3. Боеприпасы. малое наличие (?) где взорван склад поискать
4. Исключит. тяжёлое положение с ранеными, из-за отсутствия условий, медперсонала и медикаментов.
5. Запас продовольствия- только конфеты, печенье и сахар. Стало трудно с водой»
Далее в записной книжке идут только белые листы…(из фондов Музея-заповедника Брестская Крепость)
Это же время.
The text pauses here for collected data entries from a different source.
lemma vnorm_le_of_abs_le:
  assumes "\<And>i. i \<in> {1..n} \<Longrightarrow> \<bar>v i\<bar> \<le> e"
  shows "vnorm n v \<le> real n * e"
proof -
  have "vnorm n v \<le> (\<Sum>i=1..n. \<bar>v i\<bar>)"
    unfolding vnorm_eq_L2_set by (rule L2_set_le_sum_abs)
  also have "\<dots> \<le> (\<Sum>i=1..n. e)"
    by (rule sum_mono) (use assms in auto)
  finally show ?thesis by simp
qed

lemma params_abs_diff_le_vnorm:
  assumes "\<theta> \<in> params d" "\<theta>' \<in> params d"
  shows "\<bar>\<theta> m - \<theta>' m\<bar> \<le> vnorm d (\<lambda>i. \<theta> i - \<theta>' i)"
proof (cases "m \<in> {1..d}")
  case True
  have "\<bar>\<theta> m - \<theta>' m\<bar> \<le> L2_set (\<lambda>i. \<bar>\<theta> i - \<theta>' i\<bar>) {1..d}"
    by (rule member_le_L2_set) (use True in auto)
  then show ?thesis by (simp add: vnorm_eq_L2_set L2_set_def)
next
  case False
  then show ?thesis using assms by (simp add: params_def vnorm_nonneg)
qed

lemma compact_params_abs_le:
  assumes "compact K" "K \<subseteq> params d"
  obtains R where "R \<ge> 0" "\<And>\<theta> m. \<theta> \<in> K \<Longrightarrow> \<bar>\<theta> m\<bar> \<le> R"
proof -
  have "continuous_on K (\<lambda>\<theta>. \<Sum>m\<in>{1..d}. \<bar>\<theta> m\<bar>)"
    by (intro continuous_intros continuous_on_subset[OF continuous_on_product_coordinates]) simp
  then have "bounded ((\<lambda>\<theta>. \<Sum>m\<in>{1..d}. \<bar>\<theta> m\<bar>) ` K)"
    using assms(1) by (intro compact_imp_bounded compact_continuous_image)
  then obtain R where "R > 0" and R: "\<And>\<theta>. \<theta> \<in> K \<Longrightarrow> (\<Sum>m\<in>{1..d}. \<bar>\<theta> m\<bar>) \<le> R"
    unfolding bounded_pos by force
  have "\<bar>\<theta> m\<bar> \<le> R" if \<theta>: "\<theta> \<in> K" for \<theta> m
  proof (cases "m \<in> {1..d}")
    case True
    then have "\<bar>\<theta> m\<bar> \<le> (\<Sum>m\<in>{1..d}. \<bar>\<theta> m\<bar>)"
      by (intro member_le_sum) auto
    then show ?thesis using R[OF \<theta>] by linarith
  next
    case False
    then show ?thesis using \<theta> assms(2) \<open>R > 0\<close> by (auto simp: params_def)
  qed
  with \<open>R > 0\<close> show thesis by (intro that[of R]) auto
qed

lemma cube_abs_le: "x \<in> cube n a b \<Longrightarrow> j \<in> {1..n} \<Longrightarrow> \<bar>x j\<bar> \<le> \<bar>a\<bar> + \<bar>b\<bar>"
  unfolding cube_def PiE_iff by (smt (verit) atLeastAtMost_iff)

lemma cube_nonempty: "a \<le> b \<Longrightarrow> cube n a b \<noteq> {}"
  by (simp add: cube_def PiE_eq_empty_iff)

lemma affine_abs_le:
  assumes "i \<in> {1..ell k}"
    and \<theta>: "\<And>m. \<bar>\<theta> m\<bar> \<le> R"
    and u: "\<And>j. j \<in> {1..ell (k - 1)} \<Longrightarrow> \<bar>u j\<bar> \<le> U"
  shows "\<bar>affine ell \<theta> k u i\<bar> \<le> R + real (ell (k - 1)) * (R * U)"
proof -
  have "R \<ge> 0" using \<theta>[of 0] by linarith
  have "\<bar>affine ell \<theta> k u i\<bar>
      \<le> \<bar>bias ell \<theta> k i\<bar> + (\<Sum>j = 1..ell (k - 1). \<bar>wgt ell \<theta> k i j\<bar> * \<bar>u j\<bar>)"
    using assms(1) unfolding affine_def abs_mult[symmetric]
    by (simp add: order_trans[OF abs_triangle_ineq add_left_mono[OF sum_abs]])
  also have "\<dots> \<le> R + (\<Sum>j = 1..ell (k - 1). R * U)"
    using \<open>R \<ge> 0\<close> u by (intro add_mono sum_mono mult_mono) (auto simp: bias_def wgt_def \<theta>)
  finally show ?thesis by simp
qed

lemma affine_diff_abs_le:
  assumes "i \<in> {1..ell k}"
    and \<theta>': "\<And>m. \<bar>\<theta>' m\<bar> \<le> R"
    and \<theta>_\<theta>': "\<And>m. \<bar>\<theta> m - \<theta>' m\<bar> \<le> \<delta>"
    and u: "\<And>j. j \<in> {1..ell (k - 1)} \<Longrightarrow> \<bar>u j\<bar> \<le> U"
    and u_u': "\<And>j. j \<in> {1..ell (k - 1)} \<Longrightarrow> \<bar>u j - u' j\<bar> \<le> \<epsilon>"
  shows "\<bar>affine ell \<theta> k u i - affine ell \<theta>' k u' i\<bar> \<le> \<delta> + real (ell (k - 1)) * (\<delta> * U + R * \<epsilon>)"
proof -
  have "R \<ge> 0" "\<delta> \<ge> 0" using \<theta>'[of 0] \<theta>_\<theta>'[of 0] by linarith+
  have split: "affine ell \<theta> k u i - affine ell \<theta>' k u' i =
      (bias ell \<theta> k i - bias ell \<theta>' k i) + (\<Sum>j = 1..ell (k - 1).
        (wgt ell \<theta> k i j - wgt ell \<theta>' k i j) * u j + wgt ell \<theta>' k i j * (u j - u' j))"
    using assms(1) by (simp add: affine_def sum_subtractf[symmetric] algebra_simps)
  have "\<bar>affine ell \<theta> k u i - affine ell \<theta>' k u' i\<bar>
      \<le> \<bar>bias ell \<theta> k i - bias ell \<theta>' k i\<bar> + (\<Sum>j = 1..ell (k - 1).
        \<bar>wgt ell \<theta> k i j - wgt ell \<theta>' k i j\<bar> * \<bar>u j\<bar> + \<bar>wgt ell \<theta>' k i j\<bar> * \<bar>u j - u' j\<bar>)"
    unfolding split abs_mult[symmetric]
    by (rule order_trans[OF abs_triangle_ineq add_left_mono[OF order_trans[OF sum_abs sum_mono]]])
      (rule abs_triangle_ineq)
  also have "\<dots> \<le> \<delta> + (\<Sum>j = 1..ell (k - 1). \<delta> * U + R * \<epsilon>)"
    using \<open>R \<ge> 0\<close> \<open>\<delta> \<ge> 0\<close> u u_u'
    by (intro add_mono sum_mono mult_mono) (auto simp: bias_def wgt_def \<theta>' \<theta>_\<theta>')
  finally show ?thesis by simp
qed

lemma realiz_Suc_eq_affine:
  "realiz ell (Suc k) \<theta> x =
     affine ell \<theta> (Suc k) (if k = 0 then realiz ell k \<theta> x else relu (realiz ell k \<theta> x))"
  by simp

primrec realiz_bound :: "(nat \<Rightarrow> nat) \<Rightarrow> real \<Rightarrow> real \<Rightarrow> nat \<Rightarrow> real" where
  "realiz_bound ell R B 0 = B"
| "realiz_bound ell R B (Suc k) = R + real (ell k) * (R * realiz_bound ell R B k)"

primrec realiz_lipschitz_const :: "(nat \<Rightarrow> nat) \<Rightarrow> real \<Rightarrow> real \<Rightarrow> nat \<Rightarrow> real" where
  "realiz_lipschitz_const ell R B 0 = 0"
| "realiz_lipschitz_const ell R B (Suc k) =
     1 + real (ell k) * (realiz_bound ell R B k + R * realiz_lipschitz_const ell R B k)"

lemma realiz_abs_le:
  assumes \<theta>: "\<And>m. \<bar>\<theta> m\<bar> \<le> R" and x: "\<And>j. j \<in> {1..ell 0} \<Longrightarrow> \<bar>x j\<bar> \<le> B"
  shows "i \<in> {1..ell k} \<Longrightarrow> \<bar>realiz ell k \<theta> x i\<bar> \<le> realiz_bound ell R B k"
proof (induction k arbitrary: i)
  case 0
  then show ?case using x by simp
next
  case (Suc k)
  have "\<bar>(if k = 0 then realiz ell k \<theta> x else relu (realiz ell k \<theta> x)) j\<bar> \<le> realiz_bound ell R B k"
    if "j \<in> {1..ell k}" for j
    using Suc.IH[OF that] by (auto simp: relu_def)
  then show ?case
    unfolding realiz_Suc_eq_affine
    using affine_abs_le[where ell = ell and k = "Suc k", OF Suc.prems \<theta>] by simp
qed
(* Let $\eta\in C^2(\mathbb T^N,(0,\infty))$, $0\le a\le b$, $L\ge0$, $i\in[1,N]$ and $k\ne i$. The measure with density $\eta$ belongs to $\mathcal M^{(i,k)}_{a,b,L}$ if and only if (i) $\eta(\cdot;\hat{\boldsymbol x}_i)\in\mathcal V_a$ for all $\hat{\boldsymbol x}_i\in\mathbb T^{N-1}$, and (ii) $A^{(i,k)}_{\eta,b}(\hat{\boldsymbol x}_i)-B^{(i,k)}_{\eta,b}(\hat{\boldsymbol x}_i)\le L$ for every $\hat{\boldsymbol x}_i\in\mathbb T^{N-1}$, where $$A^{(i,k)}_{\eta,b}(\hat{\boldsymbol x}_i):=\sup_{x\in\mathbb T}\max\Big\{\frac{\partial_k\eta}{\eta},\ \frac{b\partial_k\eta-\partial_k\partial_i\eta}{b\eta-\partial_i\eta},\ \frac{b\partial_k\eta+\partial_k\partial_i\eta}{b\eta+\partial_i\eta}\Big\}(x;\hat{\boldsymbol x}_i),$$ and $B^{(i,k)}_{\eta,b}(\hat{\boldsymbol x}_i)$ is defined by the same expression with $\sup_x\max$ replaced by $\inf_x\min$.
   Context: $\mathbb T=\mathbb R/\mathbb Z$ with torus distance; $\boldsymbol x=(x_i;\hat{\boldsymbol x}_i)$ with $\hat{\boldsymbol x}_i\in\mathbb T^{N-1}$ the remaining coordinates. $\mathcal V_a:=\{\psi\in C^2(\mathbb T,(0,\infty)):|\frac d{dx}\log\psi|<a\}$; $\beta_a(\psi_1,\psi_2):=\inf\{t>0:t\psi_1-\psi_2\in\mathcal V_a\}$, $\theta_a(\psi_1,\psi_2):=\log\beta_a(\psi_1,\psi_2)+\log\beta_a(\psi_2,\psi_1)$. For a measure with density $\rho\in C^2(\mathbb T^N,(0,\infty))$, $\rho_{\hat{\boldsymbol x}_i}(x):=\rho(x;\hat{\boldsymbol x}_i)/\int\rho(s;\hat{\boldsymbol x}_i)ds$; it belongs to $\mathcal M^{(i,k)}_{a,b,L}$ iff $\rho_{\hat{\boldsymbol x}_i}\in\mathcal V_a$ for all $\hat{\boldsymbol x}_i$ and $\theta_b(\rho_{\hat{\boldsymbol x}_i},\rho_{\hat{\boldsymbol x}'_i})\le L|x_k-x'_k|$ whenever $\hat{\boldsymbol x}_i,\hat{\boldsymbol x}'_i$ differ only in their $k$-th coordinates $x_k,x'_k$. *)

theory Defs
  imports "HOL-Analysis.Analysis"
begin

text \<open>The torus T = R/Z is represented by 1-periodic functions on R; T^N by functions on
  real^'n that are 1-periodic in every coordinate.\<close>

definition torus_dist :: "real \<Rightarrow> real \<Rightarrow> real" where
  "torus_dist u v = \<bar>(u - v) - of_int (round (u - v))\<bar>"

text \<open>Replace the j-th coordinate of x by t: the point (t; x-hat_j).\<close>
definition upd :: "real^'n \<Rightarrow> 'n \<Rightarrow> real \<Rightarrow> real^'n" where
  "upd x j t = (\<chi> l. if l = j then t else x $ l)"

definition sect :: "(real^'n \<Rightarrow> real) \<Rightarrow> real^'n \<Rightarrow> 'n \<Rightarrow> real \<Rightarrow> real" where
  "sect f x j = (\<lambda>t. f (upd x j t))"

definition partial :: "'n \<Rightarrow> (real^'n \<Rightarrow> real) \<Rightarrow> real^'n \<Rightarrow> real" where
  "partial j f x = deriv (sect f x j) (x $ j)"

definition periodic1 :: "(real \<Rightarrow> real) \<Rightarrow> bool" where
  "periodic1 \<psi> \<longleftrightarrow> (\<forall>x. \<psi> (x + 1) = \<psi> x)"
lemma phi32_column_sums:
  fixes a b c d q :: complex
  defines "w \<equiv> c / (a * b)"
  assumes q: "norm q < 1" "q \<noteq> 0" and "a \<noteq> 0" "b \<noteq> 0" "c \<noteq> 0" and c: "\<And>j. qpoch c q j \<noteq> 0"
    and "qpoch_inf w q \<noteq> 0" "k \<le> m" "qpoch (a * b * q / c) q k \<noteq> 0" "norm (w / q ^ m) < 1"
  shows "(\<lambda>n. (w / q ^ m) ^ k * qfalling q m k / qpoch d q k * gauss_column a b c q k n) sums
    (qpoch_inf (c / a) q * qpoch_inf (c / b) q / (qpoch_inf c q * qpoch_inf w q)
     * (qpoch a q k * qpoch b q k * qpoch (1 / q ^ m) q k
         / (qpoch q q k * qpoch (a * b * q / c) q k * qpoch d q k) * q ^ k))"
proof -
  have "w \<noteq> 0" and abq: "a * b * q / c = q / w"
    using assms(4-6) by (simp_all add: w_def)
  have "norm w / norm q ^ k \<le> norm w / norm q ^ m"
    using q \<open>k \<le> m\<close> by (intro divide_left_mono power_decreasing) auto
  then have "norm (w / q ^ k) < 1"
    using \<open>norm (w / q ^ m) < 1\<close> by (simp add: norm_divide norm_power)
  moreover have nonzero: "qpoch (w / q ^ k) q k \<noteq> 0"
    using qpoch_div_q_power_reverse[OF q(2) \<open>w \<noteq> 0\<close>, of k] assms(10) q(2) by (auto simp: abq)
  moreover have "(w / q ^ m) ^ k * qfalling q m k
      = qpoch (1 / q ^ m) q k * q ^ k * qpoch (w / q ^ k) q k / qpoch (q / w) q k"
    using qfalling_qpoch_reflect[OF q(2) \<open>w \<noteq> 0\<close>, of m k] assms(10)[unfolded abq]
    by (simp add: field_simps)
  ultimately show ?thesis
    using sums_mult[OF
        gauss_column_sums[OF q assms(4,5) c assms(8)[unfolded w_def] nonzero[unfolded w_def]],
        of "(w / q ^ m) ^ k * qfalling q m k / qpoch d q k"]
    by (simp add: abq w_def field_simps)
qed
lemma graph_le_phi_cubes_comp:
  assumes cA: "little_cubes n A c" and dB: "little_cubes n B d" and a: "a \<in> A"
  shows "graph_le (phi n (subst_index A a B) (cubes_comp a c d))
                 (graph_comp a (phi n A c) (phi n B d))"
  unfolding graph_le_def
proof (intro allI impI)
  let ?g = "phi n (subst_index A a B) (cubes_comp a c d)"
    and ?h = "graph_comp a (phi n A c) (phi n B d)"
    and ?inner = "\<lambda>b. cube_compose (c a) (d b)"
  fix x y assume nonzero: "?g x y \<noteq> 0"
  then have xy: "x \<in> subst_index A a B" "y \<in> subst_index A a B" "x \<noteq> y"
    and g: "?g x y = edge_weight n (cubes_comp a c d x) (cubes_comp a c d y)"
    by (auto simp: phi_eq_edge_weight split: if_splits)
  have a_widths: "\<And>i. i \<in> {1..n} \<Longrightarrow> fst (c a) i > 0"
    using little_cubes_positive[OF cA a] by (simp add: positive_cube_def)
  have inner_positive: "positive_cube n (?inner b)" if "b \<in> B" for b
    using positive_cube_compose little_cubes_positive[OF cA a] little_cubes_positive[OF dB that] .
  have inner_within: "\<forall>i\<in>{1..n}. snd (c a) i \<le> snd (?inner b) i \<and> cube_w (?inner b) i \<le> cube_w (c a) i"
    if "b \<in> B" for b
    using cube_compose_within[OF a_widths] little_cubes_within_unit_cube[OF dB that] by simp
  note lax = edge_weight_lax_within[OF little_cubes_positive[OF cA] inner_positive
      little_cubes_separated[OF cA _ a] inner_within]
  show "?g x y \<le> ?h x y \<or> ?g x y < ?h y x"
  proof (cases x; cases y)
    fix x' y' assume "x = Inl x'" "y = Inl y'"
    then show ?thesis
      using xy by (auto simp: phi_eq_edge_weight cubes_comp_def graph_comp_def subst_index_def)
  next
    fix x' y' assume x: "x = Inl x'" and y: "y = Inr y'"
    then have "x' \<in> A" "x' \<noteq> a" "y' \<in> B" using xy by (auto simp: subst_index_def)
    moreover have "?g x y = edge_weight n (c x') (?inner y')"
      "?h x y = edge_weight n (c x') (c a)" "?h y x = edge_weight n (c a) (c x')"
      using g x y a \<open>x' \<in> A\<close> \<open>x' \<noteq> a\<close>
      by (simp_all add: phi_eq_edge_weight cubes_comp_def graph_comp_def)
    ultimately show ?thesis using lax(1)[of x' y'] nonzero by simp
  next
    fix x' y' assume x: "x = Inr x'" and y: "y = Inl y'"
    then have "y' \<in> A" "y' \<noteq> a" "x' \<in> B" using xy by (auto simp: subst_index_def)
    moreover have "?g x y = edge_weight n (?inner x') (c y')"
      "?h x y = edge_weight n (c a) (c y')" "?h y x = edge_weight n (c y') (c a)"
      using g x y a \<open>y' \<in> A\<close> \<open>y' \<noteq> a\<close>
      by (simp_all add: phi_eq_edge_weight cubes_comp_def graph_comp_def)
    ultimately show ?thesis using lax(2)[of y' x'] nonzero by simp
  next
    fix x' y' assume x: "x = Inr x'" and y: "y = Inr y'"
    then have "x' \<in> B" "y' \<in> B" "x' \<noteq> y'" using xy by (auto simp: subst_index_def)
    moreover have "edge_weight n (?inner x') (?inner y') = edge_weight n (d x') (d y')"
      by (rule edge_weight_cong) (simp add: i_below_cube_compose_iff[OF a_widths])
    ultimately show ?thesis
      using g x y by (simp add: phi_eq_edge_weight cubes_comp_def graph_comp_def)
  qed
qed

lemma phi_relabel_cubes:
  assumes "bij_betw f A A'"
  shows "phi n A' (relabel_cubes f A c) = relabel_graph f A (phi n A c)"
proof (intro ext)
  fix x y
  have image: "f ` A = A'" using assms by (simp add: bij_betw_def)
  show "phi n A' (relabel_cubes f A c) x y = relabel_graph f A (phi n A c) x y"
  proof (cases "x \<in> A' \<and> y \<in> A'")
    case True
    then have "inv_into A f x \<in> A" "inv_into A f y \<in> A"
      using image by (auto intro: inv_into_into)
    moreover have "inv_into A f x = inv_into A f y \<longleftrightarrow> x = y"
      using True image by (metis f_inv_into_f)
    ultimately show ?thesis
      using True image by (simp add: phi_eq_edge_weight relabel_cubes_def relabel_graph_def)
  qed (use image in \<open>auto simp: phi_eq_edge_weight relabel_cubes_def relabel_graph_def\<close>)
qed

text \<open>Neither \<open>n \<ge> 1\<close> nor the finiteness of the index sets is needed.\<close>
theorem mainTheorem5:
  fixes n :: nat
  assumes "n \<ge> 1"
  shows
    "(\<forall>(A :: 'a set) c. finite A \<and> little_cubes n A c \<longrightarrow> graph_ext n A (phi n A c)) \<and>
     (\<forall>(A :: 'a set) (B :: 'b set) c d a.
        finite A \<and> finite B \<and> little_cubes n A c \<and> little_cubes n B d \<and> a \<in> A \<longrightarrow>
        graph_le (phi n (subst_index A a B) (cubes_comp a c d))
                 (graph_comp a (phi n A c) (phi n B d))) \<and>
     (\<forall>(A :: 'a set) (A' :: 'c set) f c.
        finite A \<and> bij_betw f A A' \<and> little_cubes n A c \<longrightarrow>
        phi n A' (relabel_cubes f A c) = relabel_graph f A (phi n A c))"
proof (intro conjI allI impI)
  fix A :: "'a set" and c
  assume "finite A \<and> little_cubes n A c"
  then show "graph_ext n A (phi n A c)" by (simp add: graph_ext_phi)
next
  fix A :: "'a set" and B :: "'b set" and c d a
  assume "finite A \<and> finite B \<and> little_cubes n A c \<and> little_cubes n B d \<and> a \<in> A"
  then show "graph_le (phi n (subst_index A a B) (cubes_comp a c d))
      (graph_comp a (phi n A c) (phi n B d))" by (simp add: graph_le_phi_cubes_comp)
next
  fix A :: "'a set" and A' :: "'c set" and f c
  assume "finite A \<and> bij_betw f A A' \<and> little_cubes n A c"
  then show "phi n A' (relabel_cubes f A c) = relabel_graph f A (phi n A c)"
    by (simp add: phi_relabel_cubes)
qed

end
text \<open>A uniform bound on \<open>|P(S\<^sub>n \<in> \<Gamma>) - P\<^sub>\<lambda>(\<Gamma>)|\<close> that tends to \<open>0\<close> gives convergence of the
  distribution functions at every point, i.e. weak convergence to the Poisson law.\<close>

lemma weak_conv_poisson_of_uniform_bound:
  fixes N :: "nat \<Rightarrow> 'a measure" and S :: "nat \<Rightarrow> 'a \<Rightarrow> nat" and b :: "nat \<Rightarrow> real"
  assumes meas: "\<And>n. n \<ge> 1 \<Longrightarrow> S n \<in> measurable (N n) (count_space UNIV)"
    and bound: "\<And>n \<Gamma>. n \<ge> 1 \<Longrightarrow>
      \<bar>measure (N n) {\<omega> \<in> space (N n). S n \<omega> \<in> \<Gamma>} - poisson_prob lam \<Gamma>\<bar> \<le> b n"
    and b: "b \<longlonglongrightarrow> 0"
  shows "weak_conv_m (\<lambda>n. distr (N n) borel (\<lambda>\<omega>. real (S n \<omega>)))
                     (distr (measure_pmf (poisson_pmf lam)) borel real)"
  unfolding weak_conv_m_def weak_conv_def
proof (intro allI impI)
  fix x :: real
  define G where "G = {k::nat. real k \<le> x}"
  have cdf_poisson: "cdf (distr (measure_pmf (poisson_pmf lam)) borel real) x = poisson_prob lam G"
    unfolding cdf_def poisson_prob_def G_def
    by (subst measure_distr) (auto intro!: arg_cong[where f = "measure _"])
  have cdf_S: "cdf (distr (N n) borel (\<lambda>\<omega>. real (S n \<omega>))) x
      = measure (N n) {\<omega> \<in> space (N n). S n \<omega> \<in> G}" if "n \<ge> 1" for n
  proof -
    have "(\<lambda>\<omega>. real (S n \<omega>)) \<in> borel_measurable (N n)"
      using measurable_compose[OF meas[OF that], of real borel] by simp
    then show ?thesis
      unfolding cdf_def G_def by (subst measure_distr) (auto intro!: arg_cong[where f = "measure _"])
  qed
  have "(\<lambda>n. cdf (distr (N n) borel (\<lambda>\<omega>. real (S n \<omega>))) x - poisson_prob lam G) \<longlonglongrightarrow> 0"
  proof (rule Lim_null_comparison[OF _ b])
    show "eventually (\<lambda>n. norm (cdf (distr (N n) borel (\<lambda>\<omega>. real (S n \<omega>))) x
        - poisson_prob lam G) \<le> b n) sequentially"
      using eventually_ge_at_top[of "1::nat"] by eventually_elim (simp add: cdf_S bound)
  qed
  then show "(\<lambda>n. cdf (distr (N n) borel (\<lambda>\<omega>. real (S n \<omega>))) x)
      \<longlonglongrightarrow> cdf (distr (measure_pmf (poisson_pmf lam)) borel real) x"
    unfolding cdf_poisson by (rule LIM_zero_cancel)
qed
Тот же подвал- только другой отсек, отделённый глухой стеной, крайний западный отсек, ближайший к Тереспольским воротам.
Назвать помещение госпиталем- можно только потому, что в нём лежат и сидят, прислонившись спинами к кирпичным стенам- раненые…Много раненых…
Тяжёлый смрад гниющей человеческой плоти, застарелый запах засохшей крови…стоны, бред…
Вот у стены- знакомая нам пара…У Мохнача- перевязаны обе руки, повязка скрывает левый глаз…Клаша пытается напоить его с ложечки- очень плохо получается…Драгоценная вода проливается из уголка рта.
Два пограничника заносят и бережно укладывают на свободный от тел «пятачок» пола — лейтенанта Кижеватова…Их сопровождает Лерман, сокрушённо покачивающий головой.
Кижеватов приходит в себя, открывает воспалённые глаза, видит над собой склонившееся заботливое лицо оперуполномоченного…Что-то пытается сказать…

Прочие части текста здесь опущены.